«Io so che siamo soli», afferma Justine (Kirsten Dunst) in uno degli ultimi dialoghi di Melancholia. E per provarlo rivela a Claire (Charlotte Gainsbourg) il numero esatto dei fagioli nel barattolo che nessuno aveva indovinato, 678. «Io so le cose. E quando ti dico che noi siamo soli, siamo soli. La vita è soltanto sulla Terra. E per poco ancora». Nell’ultimo album di Weyes Blood, proprio come nel film di Lars von Trier, la depressione sembra essere l’unica porta d’accesso capace di condurre ad una consapevolezza superiore. Se il precedente Titanic Rising (2019) aveva ancora qualcosa del grido d’allarme, And In The Darkness, Hearts Aglow (Sub Pop) è il sequel in diretta da un’Apocalisse che non ha più nulla da svelare. Una presa d’atto, una cronaca musicale di delicata rassegnazione.Quand’anche i testi possano adombrare risposte — o quantomeno un invito all’azione — la musica depone per la resa incondizionata, per una contemplazione elegiaca di quello che resta.
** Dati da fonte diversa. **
lemma cycle_len_pos: "0 < cycle_len y"
  unfolding cycle_len_def by simp

lemma orb_cycle_len: "orb \<pi> y = (\<lambda>n. (\<pi> ^^ n) y) ` {0..<cycle_len y}"
  unfolding orb_orbit cycle_len_def by (rule orbit_conv_funpow_dist1[OF self_orbit])

lemma set_cycle_list: "set (cycle_list y) = orb \<pi> y"
proof
  show "set (cycle_list y) \<subseteq> orb \<pi> y" unfolding cycle_list_def orb_def by auto
  show "orb \<pi> y \<subseteq> set (cycle_list y)"
  proof
    fix z assume "z \<in> orb \<pi> y"
    then obtain n where n: "n < cycle_len y" "z = (\<pi> ^^ n) y" unfolding orb_cycle_len by auto
    show "z \<in> set (cycle_list y)"
    proof (cases "n = 0")
      case True
      then have "z = (\<pi> ^^ cycle_len y) y" using n funpow_cycle_len by simp
      then show ?thesis unfolding cycle_list_def using cycle_len_pos[of y] by auto
    next
      case False
      then show ?thesis unfolding cycle_list_def using n by auto
    qed
  qed
qed

lemma card_orb: "card (orb \<pi> y) = cycle_len y"
  using card_image[OF inj_on_funpow_dist1[OF self_orbit]] unfolding orb_cycle_len cycle_len_def
  by simp

lemma length_cycle_list: "length (cycle_list y) = card (orb \<pi> y)"
  unfolding cycle_list_def card_orb by simp

lemma distinct_cycle_list: "distinct (cycle_list y)"
  by (rule card_distinct) (simp add: set_cycle_list length_cycle_list)

lemma cycle_list_ne: "cycle_list y \<noteq> []"
  unfolding cycle_list_def using cycle_len_pos[of y] by simp

lemma hd_cycle_list: "hd (cycle_list y) = \<pi> y"
  unfolding cycle_list_def using cycle_len_pos[of y] by (simp add: upt_conv_Cons del: upt_Suc)

lemma last_cycle_list: "last (cycle_list y) = y"
  unfolding cycle_list_def using cycle_len_pos[of y] funpow_cycle_len[of y] by simp

lemma linked_cycle_list:
  assumes "\<forall>i\<in>orb \<pi> y. i \<noteq> y \<longrightarrow> c i = Some (\<pi> i)" and "c y = e"
  shows "linked c (cycle_list y) e"
  unfolding cycle_list_def
proof (rule linked_map_upt)
  show "\<forall>j. 1 \<le> j \<and> j < cycle_len y \<longrightarrow> c ((\<pi> ^^ j) y) = Some ((\<pi> ^^ Suc j) y)"
    using assms(1) funpow_dist1_least[of _ \<pi> y y] unfolding orb_def cycle_len_def by auto
qed (use assms cycle_len_pos[of y] funpow_cycle_len[of y] in auto)

end

section \<open>OptPlanLOR: the invariant of the simulation\<close>

context lor
begin

definition unstarted :: "nat set \<Rightarrow> nat set" where
  "unstarted st = {y \<in> cycmins \<pi> m. y \<notin> st}"

definition first_min :: nat where
  "first_min = Min (cycmins \<pi> m)"

definition misplaced :: "lstate \<Rightarrow> nat" where
  "misplaced s = card {i\<in>{1..m}. fst s i \<noteq> Some i}"

text \<open>In a run of \<^const>\<open>opt_run\<close> from state \<open>s\<close> at position \<open>x\<close>, \<open>st\<close> is the set of minima
  of the started cycles, \<open>F\<close> the rightmost cell reached so far and \<open>path\<close> the list of
  cells the end-effector still has to visit to close the started cycles: it holds the label
  of the first of them, each of them holds the label of the next one, and the last one,
  the minimum of the first cycle, is empty.\<close>

definition started_upto :: "nat set \<Rightarrow> nat \<Rightarrow> bool" where
  "started_upto st F \<longleftrightarrow> st \<subseteq> cycmins \<pi> m \<and> (\<forall>y\<in>cycmins \<pi> m. y \<in> st \<longleftrightarrow> y \<le> F)"

definition cells_inv :: "lstate \<Rightarrow> nat set \<Rightarrow> nat \<Rightarrow> nat list \<Rightarrow> bool" where
  "cells_inv s st F path \<longleftrightarrow>
    (\<forall>i. i \<notin> {1..m} \<longrightarrow> fst s i = None) \<and>
    (\<forall>i\<in>{1..m}. \<pi> i = i \<longrightarrow> fst s i = Some i \<and> i \<notin> set path) \<and>
    (\<forall>i\<in>displaced. cmin \<pi> i \<notin> st \<longrightarrow> fst s i = Some (\<pi> i) \<and> i \<notin> set path) \<and>
    (\<forall>i\<in>displaced. cmin \<pi> i \<in> st \<longrightarrow> i \<in> set path \<or> (fst s i = Some i \<and> i \<le> F)) \<and>
    set path \<subseteq> {1..m} \<and>
    (\<forall>i\<in>set path. fst s i \<noteq> Some (\<pi> i) \<longrightarrow> i \<in> st)"

definition chain_inv :: "lstate \<Rightarrow> nat list \<Rightarrow> bool" where
  "chain_inv s path \<longleftrightarrow> distinct path \<and> linked (fst s) path None \<and>
     sorted_wrt (\<lambda>a b. gmax \<pi> m b \<le> gmax \<pi> m a) path \<and>
     snd s = (case path of [] \<Rightarrow> None | g # _ \<Rightarrow> Some g) \<and> (path \<noteq> [] \<longrightarrow> last path = first_min)"

definition carry_inv :: "nat \<Rightarrow> nat set \<Rightarrow> nat \<Rightarrow> nat \<Rightarrow> bool" where
  "carry_inv x st F g \<longleftrightarrow> x \<in> displaced \<and> x \<le> F \<and>
     (unstarted st \<noteq> {} \<longrightarrow> gmax \<pi> m g = gmax \<pi> m x \<and> F \<le> gmax \<pi> m x \<and> (gmax \<pi> m F = F \<longrightarrow> x = F))"

definition opt_inv :: "lstate \<Rightarrow> nat \<Rightarrow> nat set \<Rightarrow> nat \<Rightarrow> nat list \<Rightarrow> bool" where
  "opt_inv s x st F path \<longleftrightarrow> started_upto st F \<and> cells_inv s st F path \<and> chain_inv s path \<and>
     (case snd s of
        None \<Rightarrow> (st = {} \<and> x = 1 \<and> F = 0) \<or> (unstarted st = {} \<and> st \<noteq> {} \<and> x = first_min)
      | Some g \<Rightarrow> carry_inv x st F g)"

lemma finite_unstarted[simp]: "finite (unstarted st)"
  unfolding unstarted_def by simp

lemma card_unstarted_insert:
  assumes "y \<in> unstarted st" shows "card (unstarted (insert y st)) < card (unstarted st)"
proof -
  have "unstarted (insert y st) = unstarted st - {y}" unfolding unstarted_def by auto
  then show ?thesis using card_Diff1_less[OF finite_unstarted assms] by simp
qed

lemma first_min_le: "y \<in> cycmins \<pi> m \<Longrightarrow> first_min \<le> y"
  unfolding first_min_def by simp

lemma first_min_in: "cycmins \<pi> m \<noteq> {} \<Longrightarrow> first_min \<in> cycmins \<pi> m"
  unfolding first_min_def by (rule Min_in) auto

lemma first_min_le_displaced: "i \<in> displaced \<Longrightarrow> first_min \<le> i"
  using first_min_le[OF cmin_in_cycmins[of i]] cmin_self[of i] by auto

lemma misplaced_upd_same:
  assumes "t \<in> {1..m}" and "fst s t \<noteq> Some t" and "v \<noteq> Some t"
  shows "misplaced ((fst s)(t := v), h) = misplaced s"
proof -
  have "{i\<in>{1..m}. ((fst s)(t := v)) i \<noteq> Some i} = {i\<in>{1..m}. fst s i \<noteq> Some i}"
    using assms by auto
  then show ?thesis unfolding misplaced_def by simp
qed

lemma misplaced_upd_placed:
  assumes "t \<in> {1..m}" and "fst s t \<noteq> Some t"
  shows "Suc (misplaced ((fst s)(t := Some t), h)) = misplaced s"
proof -
  have e: "{i\<in>{1..m}. ((fst s)(t := Some t)) i \<noteq> Some i} = {i\<in>{1..m}. fst s i \<noteq> Some i} - {t}"
    by auto
  have "t \<in> {i\<in>{1..m}. fst s i \<noteq> Some i}" using assms by simp
  then show ?thesis unfolding misplaced_def fst_conv e by (rule card_Suc_Diff1[rotated]) simp
qed

lemma misplaced_init: "misplaced (init \<pi> m) = card displaced"
  unfolding misplaced_def init_def by (rule arg_cong[where f=card]) auto

lemma cells_inv_path: "cells_inv s st F path \<Longrightarrow> i \<in> set path \<Longrightarrow> i \<in> displaced \<and> cmin \<pi> i \<in> st"
  unfolding cells_inv_def by blast

lemma started_upto_unstarted_gt: "started_upto st F \<Longrightarrow> y \<in> unstarted st \<Longrightarrow> F < y"
  unfolding started_upto_def unstarted_def by auto

lemma cells_inv_final:
  assumes I: "cells_inv s st F []" and h: "snd s = None" and U: "unstarted st = {}"
  shows "s = goal m"
proof -
  have "fst s i = fst (goal m) i" for i
  proof (cases "i \<in> displaced")
    case True
    then have "cmin \<pi> i \<in> st" using cmin_in_cycmins U unfolding unstarted_def by blast
    then show ?thesis using I True unfolding cells_inv_def goal_def by simp
  qed (use I in \<open>auto simp: cells_inv_def goal_def\<close>)
  then have "fst s = fst (goal m)" by (rule ext)
  then show ?thesis using h by (simp add: prod_eq_iff goal_def)
qed

lemma opt_inv_init: "opt_inv (init \<pi> m) 1 {} 0 []"
proof -
  have "started_upto {} 0" unfolding started_upto_def by (auto dest: cycmins_displaced)
  moreover have "cells_inv (init \<pi> m) {} 0 []" unfolding cells_inv_def init_def by simp
  moreover have "chain_inv (init \<pi> m) []" unfolding chain_inv_def init_def by simp
  ultimately show ?thesis unfolding opt_inv_def by (simp add: init_def)
qed

lemma started_upto_insert:
  assumes I: "started_upto st F" and y: "y \<in> unstarted st" and ymin: "\<forall>z\<in>unstarted st. y \<le> z"
  shows "started_upto (insert y st) y"
proof -
  have "z \<in> insert y st \<longleftrightarrow> z \<le> y" if z: "z \<in> cycmins \<pi> m" for z
  proof
    assume "z \<in> insert y st"
    then show "z \<le> y" using I z started_upto_unstarted_gt[OF I y] unfolding started_upto_def by auto
  next
    assume "z \<le> y"
    show "z \<in> insert y st"
    proof (rule ccontr)
      assume "z \<notin> insert y st"
      then have "z \<in> unstarted st" "z \<noteq> y" using z unfolding unstarted_def by auto
      then show False using ymin \<open>z \<le> y\<close> by fastforce
    qed
  qed
  then show ?thesis using I y unfolding started_upto_def unstarted_def by auto
qed

lemma cells_invD:
  assumes "cells_inv s st F path"
  shows cells_inv_outside: "i \<notin> {1..m} \<Longrightarrow> fst s i = None"
    and cells_inv_fixed: "i \<in> {1..m} \<Longrightarrow> \<pi> i = i \<Longrightarrow> fst s i = Some i \<and> i \<notin> set path"
    and cells_inv_unstarted:
      "i \<in> displaced \<Longrightarrow> cmin \<pi> i \<notin> st \<Longrightarrow> fst s i = Some (\<pi> i) \<and> i \<notin> set path"
    and cells_inv_started:
      "i \<in> displaced \<Longrightarrow> cmin \<pi> i \<in> st \<Longrightarrow> i \<in> set path \<or> (fst s i = Some i \<and> i \<le> F)"
    and cells_inv_path_cells: "set path \<subseteq> {1..m}"
    and cells_inv_parked: "i \<in> set path \<Longrightarrow> fst s i \<noteq> Some (\<pi> i) \<Longrightarrow> i \<in> st"
  using assms unfolding cells_inv_def by simp_all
«SIAMO tutti soli», conferma Weyes Blood/Natalie Mering sin dalla prima traccia It’s Not Just Me, It’s Everybody, ospite di una festa in cui ognuno è estraneo dell’altro. Quand’anche i testi possano adombrare risposte — o quantomeno un invito all’azione — la musica depone per la resa incondizionata, per una contemplazione elegiaca di quello che resta. Lo dicono le progressioni armoniche, cui piace insistere sulle sottodominanti, ciò che precede di un attimo la tensione massima, mentre dallo sfondo dell’immagine acustica le campane accompagnano melodie vocali che sembrano erigersi di parola in parola, come quelle di una giovane Joni Mitchell.

SONO SOLLIEVI momentanei, quelli della wilsoniana Children Of The Empire e di Hearts Aglow, prima della «ominuous music» di Holy Flux, dopo la quale neanche il country leggero di The Worst Is Done può convincerci che il peggio sia passato. Canzoni lunghe, riflessioni sul disfacimento ambientale e su quello morale e ideologico controllato dall’algoritmo e dagli schermi. Piccoli inni da cui emerge il retroterra gospel di una ragazza giunta alla pratica buddista da una classica famiglia californiana di confessione pentecostale.
Che la «nostalgica futurista» Natalie cerchi rifugio nell’analogico e nella sua vibrante imperfezione appare naturale quanto l’aggiornamento del mito di Narciso in God Turn Me Into A Flower, dominata dal synth di Daniel Lopatin. Cionondimeno, restiamo strabiliati ostaggi di un quadro spettrale, un canto delle sirene alla cui anestesia vorremmo pur sfuggire per andare a ricontare i fagioli, sperando non siano davvero 678.